Coupled with higher socioeconomic position, having a medical aid was in this investigation associated with cancer screening, as also found in previous studies (Theme et al., 2016; Narayan et al., 2017). The likelihood of having accessed cancer screening was in this study lower among dwellers in rural informal settlements than in urban formal areas. This finding conforms to previous studies (e.g., Peltzer and Phaswana-Mafuya, 2014) that urban residence increased the access and uptake to cancer screening. Further, as found in a previous study (Heflin et al., 2002), this study also found that having one or more chronic conditions was related to higher rate of cancer screening. This be may explained by increased opportunities to cancer screening with increased health care visits due to having one or more chronic conditions (Heflin et al., 2012).

The possibility that engaging in other positive lifestyle behaviours besides cancer screening may increase also cancer screening (Sözmen et al., 2016; Theme et al., 2016) was confirmed in this study in the case physical activity. Further, the study found that among those tested for HIV status in this survey the uptake of cancer screening of HIV negative persons was higher (53.6% for cervical and 14.9% for breast cancer) than for those who tested HIV negative (42.2% for cervical and 4.9% for breast cancer). However, among those who tested positive to exposure to ART the cancer-screening uptake was significantly higher, in particular in the case of cervical cancer screening, (analysis not shown) than those who tested non-exposure to ART. This finding seems to show the increased uptake of cervical cancer screening among individuals on ART, responding to the South African Department of Health guidelines for HIV-infected women that “Pap smear screening should be done for all women at least 18 years of age at initiation of antiretroviral therapy (ART) and once every 3 years following a negative Pap result” (South African Department of Health, 2010, p.3).

Study limitations

This investigation had several limitations.
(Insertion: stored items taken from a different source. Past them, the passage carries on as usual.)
lemma has_integral_mult_diff_power:
  fixes m v \<rho> :: real and N :: nat
  assumes "0 \<le> \<rho>"
  shows "((\<lambda>s. 2 * s * (m - v * s ^ N)) has_integral (m * \<rho>^2 - 2 * v * \<rho>^(N+2) / (real N + 2))) {0..\<rho>}"
proof -
  let ?F = "\<lambda>s::real. m * s^2 - 2 * v * s^(N+2) / (real N + 2)"
  have "(?F has_real_derivative 2 * s * (m - v * s ^ N)) (at s)" for s
  proof -
    have "((\<lambda>s. s^(N+2)) has_real_derivative (real N + 2) * s^(N+1)) (at s)"
      using DERIV_pow[of "N+2" s] by (simp add: add.commute)
    moreover have "((\<lambda>s. s^2) has_real_derivative 2 * s) (at s)"
      using DERIV_pow[of 2 s] by simp
    ultimately have "(?F has_real_derivative m * (2 * s) - 2 * v * ((real N + 2) * s^(N+1)) / (real N + 2)) (at s)"
      by (intro DERIV_diff DERIV_cmult DERIV_cdivide)
    also have "m * (2 * s) - 2 * v * ((real N + 2) * s^(N+1)) / (real N + 2) = 2 * s * (m - v * s ^ N)"
      by (simp add: field_simps)
    finally show ?thesis .
  qed
  then have "((\<lambda>s. 2 * s * (m - v * s ^ N)) has_integral (?F \<rho> - ?F 0)) {0..\<rho>}"
    using assms by (intro fundamental_theorem_of_calculus)
      (auto simp: has_real_derivative_iff_has_vector_derivative[symmetric] intro: has_field_derivative_at_within)
  then show ?thesis by simp
qed

lemma nn_integral_norm_sq_ge:
  fixes A :: "'a::euclidean_space set" and \<rho> :: real
  defines "v \<equiv> Ball_Volume.unit_ball_vol DIM('a)" and "N \<equiv> DIM('a)"
  assumes "A \<in> sets lborel" and "emeasure lborel A < \<infinity>"
    and "0 \<le> \<rho>" and "v * \<rho> ^ N \<le> measure lborel A"
  shows "ennreal (measure lborel A * \<rho>^2 - 2 * v * \<rho>^(N+2) / (real N + 2))
           \<le> (\<integral>\<^sup>+x. indicator A x * ennreal (norm x ^ 2) \<partial>lborel)"
proof -
  define m where "m = measure lborel A"
  have deficit_nonneg: "0 \<le> m - v * s ^ N" if "0 \<le> s" "s \<le> \<rho>" for s
    using that assms(6) power_mono[OF that(2,1), of N] unfolding m_def
    by (smt (verit) mult_left_mono unit_ball_vol_nonneg v_def of_nat_0_le_iff)
  have outside_ball: "ennreal (m - v * s ^ N) \<le> emeasure lborel (A \<inter> {x. s \<le> norm x})"
    if "0 \<le> s" for s
  proof -
    have "ennreal m \<le> emeasure lborel ((A \<inter> {x. s \<le> norm x}) \<union> ball 0 s)"
      using assms(3,4) by (auto simp: m_def emeasure_eq_ennreal_measure[symmetric] intro!: emeasure_mono)
    also have "\<dots> \<le> emeasure lborel (A \<inter> {x. s \<le> norm x}) + ennreal (v * s ^ N)"
      using assms(3) emeasure_subadditive[of "A \<inter> {x. s \<le> norm x}" lborel "ball 0 s"]
      by (simp add: emeasure_ball[OF that] v_def N_def)
    finally show ?thesis
      using that by (subst ennreal_minus[symmetric]) (auto simp: ennreal_minus_le_iff add.commute v_def)
  qed
  have "ennreal (m * \<rho>^2 - 2 * v * \<rho>^(N+2) / (real N + 2))
      = (\<integral>\<^sup>+s. ennreal (2 * s * (m - v * s ^ N)) * indicator {0..\<rho>} s \<partial>lborel)"
    using deficit_nonneg by (intro nn_integral_has_integral_lebesgue'[symmetric] has_integral_mult_diff_power assms) auto
  also have "\<dots> \<le> (\<integral>\<^sup>+s. ennreal (2 * s) * indicator {0..} s * emeasure lborel (A \<inter> {x. s \<le> norm x}) \<partial>lborel)"
  proof (intro nn_integral_mono)
    fix s :: real
    show "ennreal (2 * s * (m - v * s ^ N)) * indicator {0..\<rho>} s
        \<le> ennreal (2 * s) * indicator {0..} s * emeasure lborel (A \<inter> {x. s \<le> norm x})"
      using deficit_nonneg[of s] outside_ball[of s]
      by (cases "s \<in> {0..\<rho>}") (auto simp: ennreal_mult intro!: mult_left_mono)
  qed
  also have "\<dots> = (\<integral>\<^sup>+x. indicator A x * ennreal (norm x ^ 2) \<partial>lborel)"
    using assms(3) by (rule nn_integral_norm_sq_layer_cake[symmetric])
  finally show ?thesis by (simp add: m_def)
qed

lemma set_integral_norm_sq_ge_ball:
  fixes A :: "'a::euclidean_space set"
  defines "v \<equiv> Ball_Volume.unit_ball_vol DIM('a)" and "n \<equiv> real DIM('a)"
  assumes "A \<in> sets lebesgue" and "emeasure lebesgue A < \<infinity>"
    and "set_integrable lebesgue A (\<lambda>x. norm x ^ 2)"
  shows "n / (n + 2) * measure lebesgue A * (measure lebesgue A / v) powr (2 / n)
           \<le> (LINT x:A|lebesgue. norm x ^ 2)"
proof -
  define m where "m = measure lebesgue A"
  define \<rho> where "\<rho> = (m / v) powr (1 / n)"
  define B where "B = main_part lborel A"
  have "0 < v" "0 < n" "0 \<le> \<rho>" by (simp_all add: v_def n_def \<rho>_def)
  have B: "B \<in> sets lborel" "emeasure lborel B = emeasure lebesgue A"
    using main_part_sets[OF assms(3)] assms(3) by (simp_all add: B_def)
  then have mB: "measure lborel B = m" by (simp add: m_def measure_def)
  have \<rho>_power: "v * \<rho> ^ DIM('a) = m"
    using \<open>0 < v\<close> by (cases "m = 0") (simp_all add: \<rho>_def n_def m_def powr_power)
  have "ennreal (m * \<rho>^2 - 2 * v * \<rho>^(DIM('a)+2) / (n + 2))
      \<le> (\<integral>\<^sup>+x. indicator B x * ennreal (norm x ^ 2) \<partial>lborel)"
    unfolding mB[symmetric] v_def n_def
    using B assms(4) \<rho>_power mB \<open>0 \<le> \<rho>\<close> by (intro nn_integral_norm_sq_ge) (simp_all add: v_def)
  also have "\<dots> = (\<integral>\<^sup>+x. indicator A x * ennreal (norm x ^ 2) \<partial>lborel)"
  proof (rule nn_integral_cong_AE)
    show "AE x in lborel. indicator B x * ennreal (norm x ^ 2) = indicator A x * ennreal (norm x ^ 2)"
      using AE_in_main_part[OF assms(3)] unfolding B_def by eventually_elim (simp add: indicator_def)
  qed
  also have "\<dots> = (\<integral>\<^sup>+x. ennreal (indicator A x *\<^sub>R norm x ^ 2) \<partial>lebesgue)"
    by (simp add: nn_integral_completion indicator_mult_ennreal mult.commute)
  also have "\<dots> = ennreal (LINT x:A|lebesgue. norm x ^ 2)"
    using assms(5) unfolding set_lebesgue_integral_def set_integrable_def
    by (intro nn_integral_eq_integral) auto
  finally have "m * \<rho>^2 - 2 * v * \<rho>^(DIM('a)+2) / (n + 2) \<le> (LINT x:A|lebesgue. norm x ^ 2)"
    by (simp add: set_lebesgue_integral_def integral_nonneg_AE)
  moreover have "m * \<rho>^2 - 2 * v * \<rho>^(DIM('a)+2) / (n + 2) = n / (n + 2) * m * (m / v) powr (2 / n)"
  proof -
    have "\<rho>^2 = (m / v) powr (2 / n)"
      by (simp add: \<rho>_def power2_eq_square powr_add[symmetric])
    moreover have "v * \<rho>^(DIM('a)+2) = m * \<rho>^2"
      by (simp add: power_add power2_eq_square \<rho>_power[symmetric])
    ultimately show ?thesis
      using \<open>0 < n\<close> by (simp add: field_simps)
  qed
  ultimately show ?thesis by (simp add: m_def)
qed

lemma set_integral_norm_sq_ge_ball_and_tail:
  fixes S :: "'a::euclidean_space set" and r :: real
  defines "v \<equiv> Ball_Volume.unit_ball_vol DIM('a)" and "n \<equiv> real DIM('a)"
    and "m\<^sub>1 \<equiv> measure lebesgue (S \<inter> cball 0 r)" and "m\<^sub>2 \<equiv> measure lebesgue (S - cball 0 r)"
  assumes S: "S \<in> sets lebesgue" "emeasure lebesgue S < \<infinity>"
    and int: "set_integrable lebesgue S (\<lambda>x. norm x ^ 2)" and "0 \<le> r"
  shows "n / (n + 2) * m\<^sub>1 * (m\<^sub>1 / v) powr (2 / n) + r^2 * m\<^sub>2 \<le> (LINT x:S|lebesgue. norm x ^ 2)"
proof -
  have fin: "emeasure lebesgue (S \<inter> cball 0 r) < \<infinity>" "emeasure lebesgue (S - cball 0 r) < \<infinity>"
    using S by (auto intro: le_less_trans[OF emeasure_mono])
  have int_in: "set_integrable lebesgue (S \<inter> cball 0 r) (\<lambda>x. norm x ^ 2)"
    using S by (intro set_integrable_subset[OF int]) auto
  have int_out: "set_integrable lebesgue (S - cball 0 r) (\<lambda>x. norm x ^ 2)"
    using S by (intro set_integrable_subset[OF int]) auto
  have "n / (n + 2) * m\<^sub>1 * (m\<^sub>1 / v) powr (2 / n) \<le> (LINT x:S \<inter> cball 0 r|lebesgue. norm x ^ 2)"
    unfolding v_def n_def m\<^sub>1_def using S by (intro set_integral_norm_sq_ge_ball fin int_in) auto
  moreover have "r^2 * m\<^sub>2 = (LINT x:S - cball 0 r|lebesgue. r^2)"
    using S fin by (subst set_integral_const) (auto simp: m\<^sub>2_def)
  moreover have "\<dots> \<le> (LINT x:S - cball 0 r|lebesgue. norm x ^ 2)"
    using S fin \<open>0 \<le> r\<close> int_out
    by (intro set_integral_mono power_mono) (auto simp: set_integrable_def integrable_indicator_iff)
  ultimately have "n / (n + 2) * m\<^sub>1 * (m\<^sub>1 / v) powr (2 / n) + r^2 * m\<^sub>2
      \<le> (LINT x:S \<inter> cball 0 r|lebesgue. norm x ^ 2) + (LINT x:S - cball 0 r|lebesgue. norm x ^ 2)"
    by linarith
  also have "\<dots> = (LINT x:(S \<inter> cball 0 r) \<union> (S - cball 0 r)|lebesgue. norm x ^ 2)"
    using S int_in int_out by (intro set_integral_Un[symmetric]) auto
  also have "(S \<inter> cball 0 r) \<union> (S - cball 0 r) = S"
    by blast
  finally show ?thesis .
qed

lemma one_minus_powr_convex:
  fixes a l t :: real
  assumes "1 \<le> a" "0 \<le> l" "l \<le> 1" "0 \<le> t" "t \<le> 1"
  shows "(1 - l * t) powr a \<le> (1 - l) + l * (1 - t) powr a"
proof (cases "t = 1")
  case True
  \<comment> \<open>\<open>powr_convex\<close> only covers \<open>{0<..}\<close>, so the endpoint \<open>1 - t = 0\<close> is treated apart.\<close>
  then have "(1 - l) powr a \<le> (1 - l) powr 1"
    using assms by (intro powr_mono') auto
  with True show ?thesis using assms by simp
next
  case False
  have "(1 - l * t) powr a = ((1 - l) *\<^sub>R 1 + l *\<^sub>R (1 - t)) powr a"
    by (simp add: algebra_simps)
  also have "\<dots> \<le> (1 - l) * 1 powr a + l * (1 - t) powr a"
    using assms False by (intro convex_onD[OF powr_convex]) auto
  finally show ?thesis by simp
qed

text \<open>The function \<open>f(t) = c (1-t)\<^bsup>a\<^esup> + t (k - c (1-\<epsilon>)\<^bsup>a\<^esup>)/\<epsilon>\<close> is convex, satisfies
  \<open>f(0) = c \<le> q < k = f(\<epsilon>)\<close>, hence \<open>f(p) \<le> q\<close> forces \<open>p \<le> \<epsilon>\<close>.\<close>

lemma le_of_convex_power_bound:
  fixes a c q k \<epsilon> p :: real
  assumes "1 \<le> a" "0 \<le> c" "c \<le> q" "q < k" "0 < \<epsilon>" "\<epsilon> < 1" "0 \<le> p" "p \<le> 1"
    and bound: "c * (1 - p) powr a + p * ((k - c * (1 - \<epsilon>) powr a) / \<epsilon>) \<le> q"
  shows "p \<le> \<epsilon>"
proof (rule ccontr)
  assume "\<not> p \<le> \<epsilon>"
  define l where "l = \<epsilon> / p"
  have "0 < l" "l < 1" "l * p = \<epsilon>"
    using \<open>\<not> p \<le> \<epsilon>\<close> assms by (auto simp: l_def)
  have "c * (1 - \<epsilon>) powr a \<le> c * ((1 - l) + l * (1 - p) powr a)"
    using one_minus_powr_convex[of a l p] \<open>0 < l\<close> \<open>l < 1\<close> \<open>l * p = \<epsilon>\<close> assms
    by (intro mult_left_mono) auto
  moreover have "l * (p * ((k - c * (1 - \<epsilon>) powr a) / \<epsilon>)) = k - c * (1 - \<epsilon>) powr a"
    using \<open>l * p = \<epsilon>\<close> \<open>0 < \<epsilon>\<close> by (simp flip: mult.assoc)
  ultimately have "k \<le> c * (1 - l) + l * (c * (1 - p) powr a + p * ((k - c * (1 - \<epsilon>) powr a) / \<epsilon>))"
    by (simp add: algebra_simps)
  also have "\<dots> \<le> c * (1 - l) + l * q"
    using bound \<open>0 < l\<close> by simp
  also have "\<dots> \<le> q"
    using mult_right_mono[OF \<open>c \<le> q\<close>, of "1 - l"] \<open>l < 1\<close> by (simp add: algebra_simps)
  finally show False using \<open>q < k\<close> by simp
qed

lemma unit_ball_vol_eq: "Defs.unit_ball_vol TYPE('n::finite) = Ball_Volume.unit_ball_vol (real CARD('n))"
  using emeasure_ball[of 1 "0 :: real ^ 'n"]
  by (simp add: Defs.unit_ball_vol_def measure_completion measure_def)

lemma unit_ball_vol_type_pos: "0 < Defs.unit_ball_vol TYPE('n::finite)"
  by (simp add: unit_ball_vol_eq)

lemma r_eff_sq:
  fixes S :: "(real ^ 'n::finite) set"
  shows "r_eff S ^ 2 = (measure lebesgue S / Defs.unit_ball_vol TYPE('n)) powr (2 / real CARD('n))"
  by (simp add: r_eff_def power2_eq_square powr_add[symmetric])

lemma r_eff_pos:
  fixes S :: "(real ^ 'n::finite) set"
  assumes "0 < measure lebesgue S"
  shows "0 < r_eff S"
  using assms unit_ball_vol_type_pos[where 'n='n] by (simp add: r_eff_def)

lemma set_integral_norm_sq_eq_nsm:
  fixes S :: "(real ^ 'n::finite) set"
  defines "n \<equiv> real CARD('n)" and "v \<equiv> Defs.unit_ball_vol TYPE('n)"
  assumes "0 < measure lebesgue S"
  shows "(LINT x:S|lebesgue. norm x ^ 2) = n * v powr (2 / n) * nsm S * measure lebesgue S * r_eff S ^ 2"
proof -
  have "0 < v" "0 < n" by (simp_all add: v_def n_def unit_ball_vol_type_pos)
  then show ?thesis
    using assms(3) by (simp add: r_eff_sq nsm_def Let_def powr_divide n_def v_def field_simps)
qed

lemma nsm_ge_ball:
  fixes S :: "(real ^ 'n::finite) set"
  defines "n \<equiv> real CARD('n)" and "v \<equiv> Defs.unit_ball_vol TYPE('n)"
  assumes S: "S \<in> sets lebesgue" "emeasure lebesgue S < \<infinity>" "0 < measure lebesgue S"
    and "set_integrable lebesgue S (\<lambda>x. norm x ^ 2)"
  shows "n / (n + 2) \<le> n * v powr (2 / n) * nsm S"
proof -
  let ?w = "measure lebesgue S * r_eff S ^ 2"
  have "n / (n + 2) * ?w \<le> n * v powr (2 / n) * nsm S * ?w"
    using set_integral_norm_sq_ge_ball[of S] set_integral_norm_sq_eq_nsm[of S] assms
    by (simp add: r_eff_sq unit_ball_vol_eq mult_ac)
  moreover have "0 < ?w"
    using S r_eff_pos[of S] by simp
  ultimately show ?thesis by (rule mult_right_le_imp_le)
qed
Due to the cross-sectional survey data, no causative conclusions can be drawn between independent variables and cancer screening methods. Further, data on cancer screening methods were assessed by self-report over a long time period, which may have led to underreporting. Other factors that may have impacted on cancer screening uptake such as knowledge and perception of cancer were not assessed in this study and should be included in future studies.

In conclusion, cervical cancer screening was high but breast cancer screening was low in spite of it being a public health problem in South Africa. There are some socio-economic disparities in both breast and cervical cancer screening that can be targeted for interventions. This may be attributed to the limited availability, affordability, and accessibility of breast cancer screening services among socio-economically disadvantaged individuals.

Acknowledgements

The work used data from the “Human Sciences Research Council. South African National HIV Prevalence, HIV Incidence, Behaviour and Communication Survey (SABSSM) 2012: Combined - All provinces. [Data set]. SABSSM 2012 Combined. Version 1.0. Pretoria South Africa: Human Sciences Research Council [producer] 2013, Human Sciences Research Council [distributor] 2016. http://dx.doi.org/doi:10.14749/1485430466.” The original study was supported by the “USA’s Centers for Disease control and Prevention and the Human Sciences Research Council, the Bill and Melinda Gates Foundation, the United Nations Children’s Fund, and the South African National AIDS Council.”

Statement conflict of Interest

The authors declare no conflict of interest.